On November 26, 2019, the Superior Court of New Hampshire had issued a preliminary injunction enjoining NHDES from implementing the final rules that contained MCLs and Ambient Groundwater Standards for the four PFAS. The Court held that the appellants were likely to succeed on their claim that NHDES did not conduct an adequate cost-benefit analysis. The Court stated that the agency needed to do more than simply “consider” costs and benefits.

Following the November injunction, and likely in response to it, the New Hampshire legislature introduced HB1264 in early January 2020, which proposed to establish by statute the four new PFAS MCLs, and, among other things, to appropriate $50,000,000 to NHDES for the purpose of providing low-interest loans to community water systems and non-profit, non-transient public water systems for remediation efforts.

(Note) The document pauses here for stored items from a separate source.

lemma in_deletable_setI:
  assumes "orientation V E A" and "e \<in> E" and "strongly_connected V (restrict_orient A e)"
  shows "e \<in> deletable_set V E A"
  using assms orientation_restrict_orient
  unfolding deletable_set_def deletable_def strong_orientation_iff by blast

lemma simple_graph_edge_distinct:
  assumes "simple_graph V E" and "{u, v} \<in> E"
  shows "u \<noteq> v"
proof -
  obtain a b where "a \<noteq> b" "{u, v} = {a, b}"
    using assms unfolding simple_graph_def by blast
  then show ?thesis by (auto simp: doubleton_eq_iff)
qed

locale bridged_pair =
  fixes V :: "'a set" and E :: "'a set set" and A :: "('a \<times> 'a) set"
    and u1 v1 u2 v2 x1 x2 :: 'a
  assumes orient: "orientation V E A"
    and arc1: "(u1, v1) \<in> A" and arc2: "(u2, v2) \<in> A"
    and loopless: "u1 \<noteq> v1" "u2 \<noteq> v2"
    and fresh: "x1 \<notin> V" "x2 \<notin> V" "x1 \<noteq> x2"
begin

abbreviation "new_arcs \<equiv> {(u1, x1), (x1, v1), (x1, x2), (u2, x2), (x2, v2)}"

abbreviation "V' \<equiv> V \<union> {x1, x2}"

abbreviation "E' \<equiv> (E - {{u1, v1}, {u2, v2}}) \<union> {{u1, x1}, {x1, v1}, {x1, x2}, {u2, x2}, {x2, v2}}"

abbreviation "A' \<equiv> (A - {(u1, v1), (u2, v2)}) \<union> new_arcs"

lemma endpoints_in_V: "u1 \<in> V" "v1 \<in> V" "u2 \<in> V" "v2 \<in> V"
  using orientation_arcs_subset[OF orient] arc1 arc2 by auto

lemma orientation_new_arcs:
  "orientation {u1, v1, u2, v2, x1, x2} {{u1, x1}, {x1, v1}, {x1, x2}, {u2, x2}, {x2, v2}} new_arcs"
proof -
  have "orientation {u1, v1, u2, v2, x1, x2} ((\<lambda>(u, v). {u, v}) ` new_arcs) new_arcs"
    using fresh loopless endpoints_in_V
    by (intro orientation_of_arcs) (auto simp: doubleton_eq_iff)
  then show ?thesis by simp
qed

lemma orientation_bridged: "orientation V' E' A'"
proof -
  have "(v1, u1) \<notin> A" "(v2, u2) \<notin> A"
    using orientation_antisym[OF orient _ arc1] orientation_antisym[OF orient _ arc2] loopless
    by auto
  then have "{(u, v) \<in> A. {u, v} \<notin> {{u1, v1}, {u2, v2}}} = A - {(u1, v1), (u2, v2)}"
    by (auto simp: doubleton_eq_iff)
  then have old: "orientation V (E - {{u1, v1}, {u2, v2}}) (A - {(u1, v1), (u2, v2)})"
    using orientation_remove_edges[OF orient, of "{{u1, v1}, {u2, v2}}"] by (simp only:)
  have "(E - {{u1, v1}, {u2, v2}}) \<inter> {{u1, x1}, {x1, v1}, {x1, x2}, {u2, x2}, {x2, v2}} = {}"
    using orientation_edge_subset[OF orient] fresh by blast
  moreover have "V \<union> {u1, v1, u2, v2, x1, x2} = V'"
    using endpoints_in_V by auto
  ultimately show ?thesis
    using orientation_Un[OF old orientation_new_arcs] by (simp only:)
qed

lemma fresh_distinct:
  "x1 \<noteq> x2" "x1 \<noteq> u1" "x1 \<noteq> v1" "x1 \<noteq> u2" "x1 \<noteq> v2"
  "x2 \<noteq> u1" "x2 \<noteq> v1" "x2 \<noteq> u2" "x2 \<noteq> v2"
  using fresh endpoints_in_V by auto

lemma strongly_connected_bridgedI:
  assumes "strongly_connected V S"
    and "a1 \<in> V" "(a1, x1) \<in> S\<^sup>+" "b1 \<in> V" "(x1, b1) \<in> S\<^sup>+"
    and "a2 \<in> V" "(a2, x2) \<in> S\<^sup>+" "b2 \<in> V" "(x2, b2) \<in> S\<^sup>+"
  shows "strongly_connected V' S"
proof -
  have "strongly_connected (insert x2 V) S"
    by (rule strongly_connected_insert[OF assms(1,6-9)])
  then have "strongly_connected (insert x1 (insert x2 V)) S"
    by (rule strongly_connected_insert) (use assms(2-5) in simp_all)
  then show ?thesis by simp
qed

lemma strong_orientation_bridged:
  assumes "strongly_connected V A"
  shows "strong_orientation V' E' A'"
proof -
  have new: "(u1, x1) \<in> A'" "(x1, v1) \<in> A'" "(u2, x2) \<in> A'" "(x2, v2) \<in> A'"
    by simp_all
  have "{(u1, v1), (u2, v2)} \<subseteq> A'\<^sup>+"
    using r_r_into_trancl[OF new(1,2)] r_r_into_trancl[OF new(3,4)] by blast
  then have "A \<subseteq> A'\<^sup>+"
    by (rule subset_trancl_by_detours[rotated]) simp
  from strongly_connected_mono[OF assms this] have "strongly_connected V' A'"
    by (rule strongly_connected_bridgedI[OF _
          endpoints_in_V(1) r_into_trancl[OF new(1)] endpoints_in_V(2) r_into_trancl[OF new(2)]
          endpoints_in_V(3) r_into_trancl[OF new(3)] endpoints_in_V(4) r_into_trancl[OF new(4)]])
  with orientation_bridged show ?thesis
    unfolding strong_orientation_iff ..
qed

lemma old_arc_in_restrict:
  assumes "p \<in> A" "p \<notin> {(u1, v1), (u2, v2)}" "{fst p, snd p} \<noteq> e"
  shows "p \<in> restrict_orient A' e"
  using assms unfolding restrict_orient_def by (cases p) auto

lemma old_arc_edge_avoids_fresh:
  assumes "p \<in> A" and "x1 \<in> e \<or> x2 \<in> e"
  shows "{fst p, snd p} \<noteq> e"
  using assms orientation_arcs_subset[OF orient] fresh by auto

lemma deletable_old_edge_bridged:
  assumes "e \<in> deletable_set V E A" and "e \<notin> {{u1, v1}, {u2, v2}}"
  shows "e \<in> deletable_set V' E' A'"
proof -
  let ?S = "restrict_orient A' e"
  have e: "e \<in> E" "deletable V E A e"
    using assms(1) unfolding deletable_set_def by auto
  have "x1 \<notin> e" "x2 \<notin> e"
    using orientation_edge_subset[OF orient e(1)] fresh by auto
  then have new: "(u1, x1) \<in> ?S" "(x1, v1) \<in> ?S" "(u2, x2) \<in> ?S" "(x2, v2) \<in> ?S"
    unfolding restrict_orient_def by auto
  have "{(u1, v1), (u2, v2)} \<subseteq> ?S\<^sup>+"
    using r_r_into_trancl[OF new(1,2)] r_r_into_trancl[OF new(3,4)] by blast
  then have "restrict_orient A e \<subseteq> ?S\<^sup>+"
  proof (rule subset_trancl_by_detours[rotated])
    fix p assume "p \<in> restrict_orient A e" "p \<notin> {(u1, v1), (u2, v2)}"
    then show "p \<in> ?S"
      unfolding restrict_orient_def by auto
  qed
  from strongly_connected_mono[OF deletable_strongly_connected[OF e(2)] this]
  have "strongly_connected V' ?S"
    by (rule strongly_connected_bridgedI[OF _
          endpoints_in_V(1) r_into_trancl[OF new(1)] endpoints_in_V(2) r_into_trancl[OF new(2)]
          endpoints_in_V(3) r_into_trancl[OF new(3)] endpoints_in_V(4) r_into_trancl[OF new(4)]])
  moreover have "e \<in> E'"
    using e(1) assms(2) by blast
  ultimately show ?thesis
    by (intro in_deletable_setI[OF orientation_bridged])
qed

lemma deletable_x1_v1_bridged:
  assumes "deletable V E A {u1, v1}"
  shows "{x1, v1} \<in> deletable_set V' E' A'"
proof -
  let ?S = "restrict_orient A' {x1, v1}"
  have new: "(u1, x1) \<in> ?S" "(x1, x2) \<in> ?S" "(u2, x2) \<in> ?S" "(x2, v2) \<in> ?S"
    using fresh_distinct loopless unfolding restrict_orient_def by (auto simp: doubleton_eq_iff)
  have "{(u2, v2)} \<subseteq> ?S\<^sup>+"
    using r_r_into_trancl[OF new(3,4)] by simp
  then have "restrict_orient A {u1, v1} \<subseteq> ?S\<^sup>+"
  proof (rule subset_trancl_by_detours[rotated])
    fix p assume "p \<in> restrict_orient A {u1, v1}" "p \<notin> {(u2, v2)}"
    then show "p \<in> ?S"
      by (intro old_arc_in_restrict old_arc_edge_avoids_fresh) (auto simp: restrict_orient_def)
  qed
  from strongly_connected_mono[OF deletable_strongly_connected[OF assms] this]
  have "strongly_connected V' ?S"
    by (rule strongly_connected_bridgedI[OF _
          endpoints_in_V(1) r_into_trancl[OF new(1)] endpoints_in_V(4) r_r_into_trancl[OF new(2,4)]
          endpoints_in_V(3) r_into_trancl[OF new(3)] endpoints_in_V(4) r_into_trancl[OF new(4)]])
  then show ?thesis
    by (intro in_deletable_setI[OF orientation_bridged]) simp_all
qed

lemma deletable_x1_x2_bridged:
  assumes "strongly_connected V A"
  shows "{x1, x2} \<in> deletable_set V' E' A'"
proof -
  let ?S = "restrict_orient A' {x1, x2}"
  have new: "(u1, x1) \<in> ?S" "(x1, v1) \<in> ?S" "(u2, x2) \<in> ?S" "(x2, v2) \<in> ?S"
    using fresh_distinct unfolding restrict_orient_def by (auto simp: doubleton_eq_iff)
  have "{(u1, v1), (u2, v2)} \<subseteq> ?S\<^sup>+"
    using r_r_into_trancl[OF new(1,2)] r_r_into_trancl[OF new(3,4)] by simp
  then have "A \<subseteq> ?S\<^sup>+"
  proof (rule subset_trancl_by_detours[rotated])
    fix p assume "p \<in> A" "p \<notin> {(u1, v1), (u2, v2)}"
    then show "p \<in> ?S"
      by (intro old_arc_in_restrict old_arc_edge_avoids_fresh) simp_all
  qed
  from strongly_connected_mono[OF assms this]
  have "strongly_connected V' ?S"
    by (rule strongly_connected_bridgedI[OF _
          endpoints_in_V(1) r_into_trancl[OF new(1)] endpoints_in_V(2) r_into_trancl[OF new(2)]
          endpoints_in_V(3) r_into_trancl[OF new(3)] endpoints_in_V(4) r_into_trancl[OF new(4)]])
  then show ?thesis
    by (intro in_deletable_setI[OF orientation_bridged]) simp_all
qed

lemma deletable_u2_x2_bridged:
  assumes "deletable V E A {u2, v2}"
  shows "{u2, x2} \<in> deletable_set V' E' A'"
proof -
  let ?S = "restrict_orient A' {u2, x2}"
  have new: "(u1, x1) \<in> ?S" "(x1, v1) \<in> ?S" "(x1, x2) \<in> ?S" "(x2, v2) \<in> ?S"
    using fresh_distinct loopless unfolding restrict_orient_def by (auto simp: doubleton_eq_iff)
  have "{(u1, v1)} \<subseteq> ?S\<^sup>+"
    using r_r_into_trancl[OF new(1,2)] by simp
  then have "restrict_orient A {u2, v2} \<subseteq> ?S\<^sup>+"
  proof (rule subset_trancl_by_detours[rotated])
    fix p assume "p \<in> restrict_orient A {u2, v2}" "p \<notin> {(u1, v1)}"
    then show "p \<in> ?S"
      by (intro old_arc_in_restrict old_arc_edge_avoids_fresh) (auto simp: restrict_orient_def)
  qed
  from strongly_connected_mono[OF deletable_strongly_connected[OF assms] this]
  have "strongly_connected V' ?S"
    by (rule strongly_connected_bridgedI[OF _
          endpoints_in_V(1) r_into_trancl[OF new(1)] endpoints_in_V(2) r_into_trancl[OF new(2)]
          endpoints_in_V(1) r_r_into_trancl[OF new(1,3)] endpoints_in_V(4) r_into_trancl[OF new(4)]])
  then show ?thesis
    by (intro in_deletable_setI[OF orientation_bridged]) simp_all
qed

end

theorem mainTheorem7:
  fixes V :: "'a set" and E :: "'a set set" and A :: "('a \<times> 'a) set"
    and u1 v1 u2 v2 x1 x2 :: 'a
  assumes cubic: "cubic_graph V E"
    and strong: "strong_orientation V E A"
    and e1: "{u1, v1} \<in> E" and e2: "{u2, v2} \<in> E"
    and nonadj: "{u1, v1} \<inter> {u2, v2} = {}"
    and o1: "(u1, v1) \<in> A" and o2: "(u2, v2) \<in> A"
    and del1: "deletable V E A {u1, v1}" and del2: "deletable V E A {u2, v2}"
    and new: "x1 \<notin> V" "x2 \<notin> V" "x1 \<noteq> x2"
  shows "strong_orientation (V \<union> {x1, x2})
           ((E - {{u1, v1}, {u2, v2}}) \<union> {{u1, x1}, {x1, v1}, {x1, x2}, {u2, x2}, {x2, v2}})
           ((A - {(u1, v1), (u2, v2)}) \<union> {(u1, x1), (x1, v1), (x1, x2), (u2, x2), (x2, v2)})
       \<and> (deletable_set V E A - {{u1, v1}, {u2, v2}}) \<union> {{x1, v1}, {x1, x2}, {u2, x2}}
           \<subseteq> deletable_set (V \<union> {x1, x2})
               ((E - {{u1, v1}, {u2, v2}}) \<union> {{u1, x1}, {x1, v1}, {x1, x2}, {u2, x2}, {x2, v2}})
               ((A - {(u1, v1), (u2, v2)}) \<union> {(u1, x1), (x1, v1), (x1, x2), (u2, x2), (x2, v2)})"
proof -
  have "simple_graph V E"
    using cubic unfolding cubic_graph_def by blast
  then interpret bridged_pair V E A u1 v1 u2 v2 x1 x2
    using strong o1 o2 e1 e2 new
    by unfold_locales (auto simp: strong_orientation_iff dest: simple_graph_edge_distinct)
  have conn: "strongly_connected V A"
    using strong unfolding strong_orientation_iff by blast
  show ?thesis
  proof
    show "strong_orientation V' E' A'"
      by (rule strong_orientation_bridged[OF conn])
    show "(deletable_set V E A - {{u1, v1}, {u2, v2}}) \<union> {{x1, v1}, {x1, x2}, {u2, x2}}
      \<subseteq> deletable_set V' E' A'"
    proof (rule Un_least)
      show "deletable_set V E A - {{u1, v1}, {u2, v2}} \<subseteq> deletable_set V' E' A'"
        by (rule subsetI, erule DiffE, rule deletable_old_edge_bridged)
      show "{{x1, v1}, {x1, x2}, {u2, x2}} \<subseteq> deletable_set V' E' A'"
        using deletable_x1_v1_bridged[OF del1] deletable_x1_x2_bridged[OF conn]
          deletable_u2_x2_bridged[OF del2]
        by (simp only: insert_subset empty_subsetI simp_thms)
    qed
  qed
qed

end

Notably, the fiscal note for HB1264 uses the same costs identified by NHDES in its cost-benefit analysis, which estimated treatment costs for public water systems ranging from $65 million to $142.8 and operating and maintenance (O&M) costs from $6.9 million to $13.4 million. As for “landfills, contaminated sites and groundwater discharge sites,” the fiscal note states that costs for compliance are “indeterminable,” but estimated “Corrective Action Costs” for different types of facilities such as “Active Hazardous Waste Sites” ($2.3 to $4.4 million), “Municipal Landfills” ($935k to $1.75 million) and “Groundwater Discharge Permit Sites” ($5 million). Again, these estimated “Corrective Action Costs” appear to be based on NHDES’ cost-benefit analysis, which had been found inadequate in the injunction proceedings.